Ander voorstel dan, eigenlijk meer een verzoek. Eventjes via het forum om aan te geven dat we er zeker wel op letten:

Wil je aub meer aandacht dan geven dan je nu hebt gedaan aan je spelling.
alvast reuze bedankt namens alle lezers,

De trial van Cue loopt hier trouwens ook veelvuldig vast. Ik blijf nog even PCDJ gebruiken of voor de kleine klusjes met een paar instartjes Ableton.

----------


## DJ Antoon

Virtual DJ=Numark Cue=PCDJ VJ Gericht op gebruik van video en muziek.

DjDecks=PCDJ DEX Enkel muziek, dus ook minder cpu hongerig.

PCDJ (D1) ontwikkelt eigenlijk zelf geen software meer, aankomende Reflex wordt door gizmo labs gedaan gizmolabs.net (Is van dezelfde programmeur die ook destijds oude pcdj red maakte.)

Veel dezelfde software in een ander jasje...

----------


## RHulshof

Hallo dan,

Ik ben van plan om de HC4500 te gaan kopen in combinatie een BU4500 heeft iemand hier al ervaring mee.

Vooral het samenwerken met mp3 en Cd's lijkt mij echt geweldig maar goed ik ben dus benieuwd naar ervaringen

Grtz.
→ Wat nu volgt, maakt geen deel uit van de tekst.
(* Let $k\ge 3$ and $n>3$. Protocol 3 (Cross-edges Tree), run on $n$ nodes with one node initially in $L_0$ and the others in $F$, never stabilises with isolated nodes: in every stable configuration reached by a fair execution, every node belongs to the leader's connected component (in particular no node remains in state $F$).
   Context: Network constructor model: $n$ nodes, every pair may interact; node states from a finite set; each node pair has an edge state in $\{0,1\}$, initially $0$. At each step a pair of nodes is selected and updated according to the transition rules (either ordering of the pair); unlisted triples are unchanged. A configuration is stable if no listed rule is applicable to any pair of nodes. An infinite execution is fair if whenever a configuration $C$ occurs infinitely often, every configuration reachable from $C$ in one step occurs infinitely often. Protocol 3 (Cross-edges Tree), for a parameter $k$: $Q=\{F,L_0,\dots,L_k,O_0,\dots,O_k\}$, rules $(L_x,F,0)\to(L_{x+1},O_0,1)$ for $x<k$; $(O_y,F,0)\to(O_{y+1},O_0,1)$ for $y<k$; $(L_x,O_y,0)\to(L_{x+1},O_{y+1},1)$ for $x,y<k-1$; $(O_y,O_z,0)\to(O_{y+1},O_{z+1},1)$ for $y,z<k-1$. *)

theory Defs
  imports Main
begin

text \<open>Node states of Protocol 3 (Cross-edges Tree). The counters are bounded by k
  through the guards of the rules (all reachable states have index at most k).\<close>
datatype st = SF | SL nat | SO nat

text \<open>Configurations on nodes 0..n-1: node states and (symmetric) edge states.\<close>
type_synonym config = "(nat \<Rightarrow> st) \<times> (nat \<Rightarrow> nat \<Rightarrow> bool)"

fun delta :: "nat \<Rightarrow> st \<Rightarrow> st \<Rightarrow> bool \<Rightarrow> (st \<times> st \<times> bool) option" where
  "delta k (SL x) SF False = (if x < k then Some (SL (x+1), SO 0, True) else None)"
| "delta k (SO y) SF False = (if y < k then Some (SO (y+1), SO 0, True) else None)"
| "delta k (SL x) (SO y) False =
     (if x < k - 1 \<and> y < k - 1 then Some (SL (x+1), SO (y+1), True) else None)"
| "delta k (SO y) (SO z) False =
     (if y < k - 1 \<and> z < k - 1 then Some (SO (y+1), SO (z+1), True) else None)"
| "delta k _ _ _ = None"

definition upd :: "config \<Rightarrow> nat \<Rightarrow> nat \<Rightarrow> st \<Rightarrow> st \<Rightarrow> bool \<Rightarrow> config" where
  "upd C u v a b c =
     ((fst C)(u := a, v := b),
      (snd C)(u := (snd C u)(v := c), v := (snd C v)(u := c)))"

definition interact :: "nat \<Rightarrow> config \<Rightarrow> nat \<Rightarrow> nat \<Rightarrow> config" where
  "interact k C u v =
     (case delta k (fst C u) (fst C v) (snd C u v) of
        Some (a, b, c) \<Rightarrow> upd C u v a b c
      | None \<Rightarrow> (case delta k (fst C v) (fst C u) (snd C u v) of
                  Some (a, b, c) \<Rightarrow> upd C v u a b c
                | None \<Rightarrow> C))"

definition step :: "nat \<Rightarrow> nat \<Rightarrow> config \<Rightarrow> config \<Rightarrow> bool" where
  "step k n C C' \<longleftrightarrow> (\<exists>u<n. \<exists>v<n. u \<noteq> v \<and> C' = interact k C u v)"

definition applicable :: "nat \<Rightarrow> config \<Rightarrow> nat \<Rightarrow> nat \<Rightarrow> bool" where
  "applicable k C u v \<longleftrightarrow> delta k (fst C u) (fst C v) (snd C u v) \<noteq> None"

definition stable :: "nat \<Rightarrow> nat \<Rightarrow> config \<Rightarrow> bool" where
  "stable k n C \<longleftrightarrow> (\<forall>u<n. \<forall>v<n. u \<noteq> v \<longrightarrow> \<not> applicable k C u v)"

definition init :: config where
  "init = ((\<lambda>i. if i = 0 then SL 0 else SF), (\<lambda>_ _. False))"

definition fair_exec :: "nat \<Rightarrow> nat \<Rightarrow> (nat \<Rightarrow> config) \<Rightarrow> bool" where
  "fair_exec k n X \<longleftrightarrow>
     X 0 = init \<and>
     (\<forall>i. step k n (X i) (X (Suc i))) \<and>
     (\<forall>C. infinite {i. X i = C} \<longrightarrow>
          (\<forall>C'. step k n C C' \<longrightarrow> infinite {i. X i = C'}))"

definition active_edges :: "nat \<Rightarrow> config \<Rightarrow> (nat \<times> nat) set" where
  "active_edges n C = {(a, b). a < n \<and> b < n \<and> snd C a b}"

definition is_leader_state :: "st \<Rightarrow> bool" where
  "is_leader_state q \<longleftrightarrow> (\<exists>x. q = SL x)"

end

theory Submission
  imports Defs
begin

text \<open>Every reachable configuration satisfies an invariant: node 0 is the leader, active
  edges join only recruited (non-F) nodes, every recruited node is joined to node 0 by
  active edges, and some node can still recruit, because the node just recruited or
  incremented in any rule ends with a counter below k. In a stable configuration that node
  could recruit any remaining F node, so none is left.\<close>

definition can_recruit :: "nat \<Rightarrow> st \<Rightarrow> bool" where
  "can_recruit k q \<longleftrightarrow> delta k q SF False \<noteq> None"

lemma can_recruit_simps [simp]:
  "\<not> can_recruit k SF"
  "can_recruit k (SL x) \<longleftrightarrow> x < k"
  "can_recruit k (SO y) \<longleftrightarrow> y < k"
  by (auto simp: can_recruit_def)

lemma delta_SomeD:
  assumes "delta k a b e = Some (a', b', c)"
  shows "c" "a \<noteq> SF" "a' \<noteq> SF" "b' \<noteq> SF" "can_recruit k b'"
    "is_leader_state a' \<longleftrightarrow> is_leader_state a" "\<not> is_leader_state b"
  using assms
  by (cases "(k, a, b, e)" rule: delta.cases; auto simp: is_leader_state_def split: if_splits)+

definition tree_inv :: "nat \<Rightarrow> nat \<Rightarrow> config \<Rightarrow> bool" where
  "tree_inv k n C \<longleftrightarrow> is_leader_state (fst C 0) \<and>
     (\<forall>a b. snd C a b \<longrightarrow> fst C a \<noteq> SF \<and> fst C b \<noteq> SF) \<and>
     (\<forall>v<n. fst C v \<noteq> SF \<longrightarrow> (0, v) \<in> (active_edges n C)\<^sup>*) \<and>
     (\<exists>w<n. can_recruit k (fst C w))"

lemma tree_inv_init: "0 < k \<Longrightarrow> 0 < n \<Longrightarrow> tree_inv k n init"
  unfolding tree_inv_def init_def is_leader_state_def by auto

lemma tree_inv_upd:
  assumes inv: "tree_inv k n C" and ab: "a < n" "b < n" "a \<noteq> b"
    and d: "delta k (fst C a) (fst C b) e = Some (a', b', c)"
  shows "tree_inv k n (upd C a b a' b' c)"
proof -
  let ?C = "upd C a b a' b' c"
  note D = delta_SomeD[OF d]
  have states: "fst ?C = (fst C)(a := a', b := b')"
    by (simp add: upd_def)
  have edges: "snd ?C x y \<longleftrightarrow> {x, y} = {a, b} \<or> snd C x y" for x y
    using ab(3) D(1) by (auto simp: upd_def doubleton_eq_iff)
  have reach_mono: "(active_edges n C)\<^sup>* \<subseteq> (active_edges n ?C)\<^sup>*"
    by (rule rtrancl_mono) (auto simp: active_edges_def edges)
  from inv have leader: "is_leader_state (fst C 0)"
    and free_isolated: "\<forall>x y. snd C x y \<longrightarrow> fst C x \<noteq> SF \<and> fst C y \<noteq> SF"
    and reach: "\<forall>v<n. fst C v \<noteq> SF \<longrightarrow> (0, v) \<in> (active_edges n C)\<^sup>*"
    unfolding tree_inv_def by auto
  have reach_a: "(0, a) \<in> (active_edges n ?C)\<^sup>*"
    using reach D(2) ab(1) reach_mono by auto
  have reach_b: "(0, b) \<in> (active_edges n ?C)\<^sup>*"
    using reach_a ab by (auto simp: active_edges_def edges intro: rtrancl_into_rtrancl)
  have "is_leader_state (fst ?C 0)"
    using leader D ab states by auto
  moreover have "fst ?C x \<noteq> SF \<and> fst ?C y \<noteq> SF" if "snd ?C x y" for x y
    using that edges[of x y] free_isolated D(2-4) states by (auto simp: doubleton_eq_iff)
  moreover have "\<forall>v<n. fst ?C v \<noteq> SF \<longrightarrow> (0, v) \<in> (active_edges n ?C)\<^sup>*"
    using reach reach_mono reach_a reach_b states by auto
  moreover have "can_recruit k (fst ?C b)"
    using D states by simp
  ultimately show ?thesis
    unfolding tree_inv_def using ab(2) by blast
qed

lemma tree_inv_step:
  assumes inv: "tree_inv k n C" and "step k n C C'"
  shows "tree_inv k n C'"
proof -
  obtain u v where uv: "u < n" "v < n" "u \<noteq> v" and C': "C' = interact k C u v"
    using assms(2) unfolding step_def by blast
  show ?thesis
  proof (cases "delta k (fst C u) (fst C v) (snd C u v)")
    case (Some r)
    then show ?thesis
      using tree_inv_upd[OF inv uv] by (cases r) (simp add: C' interact_def)
  next
    case None
    then show ?thesis
      using tree_inv_upd[OF inv uv(2,1) uv(3)[symmetric]] inv
      by (cases "delta k (fst C v) (fst C u) (snd C u v)")
        (auto simp: C' interact_def split: prod.splits)
  qed
qed

lemma fair_exec_tree_inv:
  assumes "fair_exec k n X" "0 < k" "0 < n"
  shows "tree_inv k n (X j)"
  using assms
  by (induction j) (auto simp: fair_exec_def intro: tree_inv_init tree_inv_step)

lemma stable_tree_inv_no_free:
  assumes "stable k n C" "tree_inv k n C" "v < n"
  shows "fst C v \<noteq> SF"
proof
  assume free: "fst C v = SF"
  obtain w where w: "w < n" "can_recruit k (fst C w)"
    using assms(2) unfolding tree_inv_def by blast
  with free have "w \<noteq> v" by auto
  from assms(2) free have "\<not> snd C w v"
    unfolding tree_inv_def by blast
  with w(2) free have "applicable k C w v"
    by (simp add: applicable_def can_recruit_def)
  with assms(1,3) w(1) \<open>w \<noteq> v\<close> show False
    unfolding stable_def by blast
qed

theorem corollary1:
  fixes k n :: nat and X :: "nat \<Rightarrow> config" and i :: nat
  assumes "k \<ge> 3" and "n > 3"
    and "fair_exec k n X"
    and "stable k n (X i)"
  shows "is_leader_state (fst (X i) 0) \<and>
         (\<forall>v<n. (0, v) \<in> (active_edges n (X i))\<^sup>* \<and> fst (X i) v \<noteq> SF)"
proof -
  have inv: "tree_inv k n (X i)"
    using fair_exec_tree_inv assms(1-3) by simp
  then have "\<forall>v<n. fst (X i) v \<noteq> SF"
    using stable_tree_inv_no_free assms(4) by blast
  with inv show ?thesis
    unfolding tree_inv_def by blast
qed

end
Ronnie

----------


## jozef

Goeiedag,

Ik kader van grote problemen op de minidisc markt ben ik hard opzoek naar een goede oplossing. Ik kan nu meerdere shows op een avond weg zetten en alles is uitgevoerd met dubbele MD en dubbele CD of table top. De minidisc gaat er helaas uit en ik heb mijn best al moeten doen voor 500 stuks. Nu heb ik 3 opties: 1 doorgaan met MD en een nog grotere voorraad aanleggen. 2 terug gaan naar CD maar een serieus finacieele inverstering. 3 de combinatie van een HC4500 een small desktop pc en de software van ultramixer erop en een 15inch tft erbij en de CD speler.

zelf heb ik het idee bij optie 1 hoelang heb ik genoeg en de oplopende kosten van het onderhoud aan de spelers. 
Bij 2 om nou alle CD's die ik nu heb of zeg de beste daarvan 3 voudig te kopen in de winkel word ik niet echt gelukkig van. dus copieren zal het dan wel worden en dat mag weer niet. Ze zijn dan ook nog eens slecht en CD's werkt niet echt lekker vind ik. (gevoels matig dan, technisch prima)
Bij 3 heb ik altijd geroepen als de pc het draaien gaat doen mag hij ook opbouwen en afbreken!!! maarja, tijden veranderen? met zo'n controler lijkt het tenminste nog een beetje op draaien.

Misschien dat het toch optie 3 moet gaan worden en daarom ben ik benieuwd of iemand hier al ervaring heeft met die software van Ultramixer.

----------


## ralph

nog steeds niet betrouwbaar genoeg wat mij betreft, met als erg groot nadeel dat het hele spul erg veel ruimte inneemt.

Ik zit met hetzelfde dilemma als jij, nieuw rackje inrichten en tja...nu nog nieuwe MD spelers derin lijkt niet verstandig.
Ik ben me aan het orienteren op SD spelers.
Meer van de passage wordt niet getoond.